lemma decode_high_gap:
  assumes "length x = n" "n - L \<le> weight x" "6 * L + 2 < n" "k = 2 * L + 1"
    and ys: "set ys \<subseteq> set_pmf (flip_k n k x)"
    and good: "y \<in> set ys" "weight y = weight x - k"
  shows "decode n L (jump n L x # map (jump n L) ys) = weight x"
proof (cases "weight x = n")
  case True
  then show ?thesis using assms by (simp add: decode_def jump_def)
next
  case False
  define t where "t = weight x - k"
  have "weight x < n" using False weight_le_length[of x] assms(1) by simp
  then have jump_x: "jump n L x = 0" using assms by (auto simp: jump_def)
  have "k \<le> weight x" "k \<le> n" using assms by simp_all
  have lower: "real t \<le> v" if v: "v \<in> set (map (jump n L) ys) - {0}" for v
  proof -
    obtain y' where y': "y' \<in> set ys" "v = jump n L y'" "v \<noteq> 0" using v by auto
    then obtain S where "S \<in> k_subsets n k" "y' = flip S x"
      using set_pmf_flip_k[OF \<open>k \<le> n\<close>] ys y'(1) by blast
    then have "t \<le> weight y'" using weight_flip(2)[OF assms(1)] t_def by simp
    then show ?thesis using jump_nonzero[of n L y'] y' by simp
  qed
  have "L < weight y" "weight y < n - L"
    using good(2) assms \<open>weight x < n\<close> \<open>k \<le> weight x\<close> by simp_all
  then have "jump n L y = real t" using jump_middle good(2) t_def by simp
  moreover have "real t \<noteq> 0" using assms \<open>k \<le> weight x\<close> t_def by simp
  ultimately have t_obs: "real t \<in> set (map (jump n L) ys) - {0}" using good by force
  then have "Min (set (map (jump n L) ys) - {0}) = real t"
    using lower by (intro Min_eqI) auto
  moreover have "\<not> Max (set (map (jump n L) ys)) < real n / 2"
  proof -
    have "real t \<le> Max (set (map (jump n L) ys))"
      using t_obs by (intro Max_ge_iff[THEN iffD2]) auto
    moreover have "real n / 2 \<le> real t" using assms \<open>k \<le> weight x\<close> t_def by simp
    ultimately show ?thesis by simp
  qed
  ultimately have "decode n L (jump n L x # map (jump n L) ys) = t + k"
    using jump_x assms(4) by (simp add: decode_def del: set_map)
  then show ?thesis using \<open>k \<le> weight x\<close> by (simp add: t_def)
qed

──────

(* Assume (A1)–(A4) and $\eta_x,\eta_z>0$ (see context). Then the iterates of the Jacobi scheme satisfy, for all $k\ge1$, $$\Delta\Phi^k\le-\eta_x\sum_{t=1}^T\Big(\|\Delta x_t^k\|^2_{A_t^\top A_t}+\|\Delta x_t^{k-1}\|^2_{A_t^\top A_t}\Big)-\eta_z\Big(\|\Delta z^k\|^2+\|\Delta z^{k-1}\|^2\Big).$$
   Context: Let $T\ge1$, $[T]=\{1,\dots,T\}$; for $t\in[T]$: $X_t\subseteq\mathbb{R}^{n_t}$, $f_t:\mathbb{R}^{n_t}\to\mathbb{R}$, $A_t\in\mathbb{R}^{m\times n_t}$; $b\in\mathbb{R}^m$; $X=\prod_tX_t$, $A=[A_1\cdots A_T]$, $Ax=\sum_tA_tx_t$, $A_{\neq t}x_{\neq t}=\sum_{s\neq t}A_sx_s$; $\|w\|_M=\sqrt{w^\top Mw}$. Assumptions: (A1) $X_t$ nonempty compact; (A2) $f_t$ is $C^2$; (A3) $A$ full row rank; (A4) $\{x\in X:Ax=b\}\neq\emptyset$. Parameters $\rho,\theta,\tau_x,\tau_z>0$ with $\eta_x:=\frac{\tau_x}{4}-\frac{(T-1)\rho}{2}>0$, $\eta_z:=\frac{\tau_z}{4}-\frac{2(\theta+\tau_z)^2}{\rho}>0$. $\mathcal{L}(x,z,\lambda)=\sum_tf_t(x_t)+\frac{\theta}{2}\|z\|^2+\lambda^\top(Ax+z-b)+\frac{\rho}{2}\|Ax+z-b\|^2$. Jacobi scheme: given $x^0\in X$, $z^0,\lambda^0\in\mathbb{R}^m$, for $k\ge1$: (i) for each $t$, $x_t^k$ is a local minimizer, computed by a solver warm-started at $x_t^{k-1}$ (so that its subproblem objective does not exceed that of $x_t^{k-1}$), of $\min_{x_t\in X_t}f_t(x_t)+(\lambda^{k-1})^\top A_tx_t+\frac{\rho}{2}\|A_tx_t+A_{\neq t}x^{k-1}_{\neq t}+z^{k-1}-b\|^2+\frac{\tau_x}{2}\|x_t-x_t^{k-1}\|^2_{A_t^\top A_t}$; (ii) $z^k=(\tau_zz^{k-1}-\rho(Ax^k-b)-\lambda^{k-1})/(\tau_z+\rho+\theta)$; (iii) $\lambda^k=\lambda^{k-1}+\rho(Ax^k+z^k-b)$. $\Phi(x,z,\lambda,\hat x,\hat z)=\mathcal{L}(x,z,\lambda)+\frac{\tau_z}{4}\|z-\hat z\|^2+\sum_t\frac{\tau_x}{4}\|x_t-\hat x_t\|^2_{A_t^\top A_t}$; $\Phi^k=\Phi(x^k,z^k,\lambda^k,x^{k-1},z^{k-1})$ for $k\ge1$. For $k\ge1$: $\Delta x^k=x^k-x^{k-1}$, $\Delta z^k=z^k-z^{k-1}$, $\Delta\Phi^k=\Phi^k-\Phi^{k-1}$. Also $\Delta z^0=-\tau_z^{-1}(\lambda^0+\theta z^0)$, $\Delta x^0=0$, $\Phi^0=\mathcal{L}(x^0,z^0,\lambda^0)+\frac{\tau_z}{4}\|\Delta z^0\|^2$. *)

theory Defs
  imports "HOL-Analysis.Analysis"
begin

──────

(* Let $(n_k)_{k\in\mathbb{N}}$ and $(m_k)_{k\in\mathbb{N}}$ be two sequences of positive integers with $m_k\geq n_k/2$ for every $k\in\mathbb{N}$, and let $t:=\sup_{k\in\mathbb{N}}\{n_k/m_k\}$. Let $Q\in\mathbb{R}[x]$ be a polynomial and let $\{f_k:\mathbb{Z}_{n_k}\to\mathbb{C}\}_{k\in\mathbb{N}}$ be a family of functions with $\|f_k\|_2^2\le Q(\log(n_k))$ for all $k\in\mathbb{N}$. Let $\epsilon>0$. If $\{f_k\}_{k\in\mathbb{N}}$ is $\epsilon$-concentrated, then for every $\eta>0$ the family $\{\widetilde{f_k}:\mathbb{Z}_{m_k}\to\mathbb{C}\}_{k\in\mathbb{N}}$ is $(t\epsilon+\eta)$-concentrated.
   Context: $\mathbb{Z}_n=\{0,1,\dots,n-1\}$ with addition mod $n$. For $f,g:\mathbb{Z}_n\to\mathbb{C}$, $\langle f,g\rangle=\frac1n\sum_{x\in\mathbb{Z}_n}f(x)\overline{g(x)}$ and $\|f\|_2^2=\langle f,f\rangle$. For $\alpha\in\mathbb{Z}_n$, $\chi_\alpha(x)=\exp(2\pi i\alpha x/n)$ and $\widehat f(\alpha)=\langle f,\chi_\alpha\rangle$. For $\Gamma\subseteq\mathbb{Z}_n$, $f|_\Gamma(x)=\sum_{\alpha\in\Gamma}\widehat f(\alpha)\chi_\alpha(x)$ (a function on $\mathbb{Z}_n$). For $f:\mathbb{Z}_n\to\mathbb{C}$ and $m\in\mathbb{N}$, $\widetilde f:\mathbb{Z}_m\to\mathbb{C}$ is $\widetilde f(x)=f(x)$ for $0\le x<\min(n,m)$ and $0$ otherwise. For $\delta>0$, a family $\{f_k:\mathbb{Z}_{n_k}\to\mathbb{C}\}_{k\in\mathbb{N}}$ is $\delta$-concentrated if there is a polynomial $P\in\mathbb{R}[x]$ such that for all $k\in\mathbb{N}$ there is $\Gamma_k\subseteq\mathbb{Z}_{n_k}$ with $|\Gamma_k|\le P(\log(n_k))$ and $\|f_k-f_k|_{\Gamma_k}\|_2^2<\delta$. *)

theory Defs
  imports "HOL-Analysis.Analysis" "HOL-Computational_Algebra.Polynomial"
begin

──────

What you should do
Please copy each line of the material that contains the word "auto".

Finished task
  then have jump_x: "jump n L x = 0" using assms by (auto simp: jump_def)
    obtain y' where y': "y' \<in> set ys" "v = jump n L y'" "v \<noteq> 0" using v by auto
    using lower by (intro Min_eqI) auto
      using t_obs by (intro Max_ge_iff[THEN iffD2]) auto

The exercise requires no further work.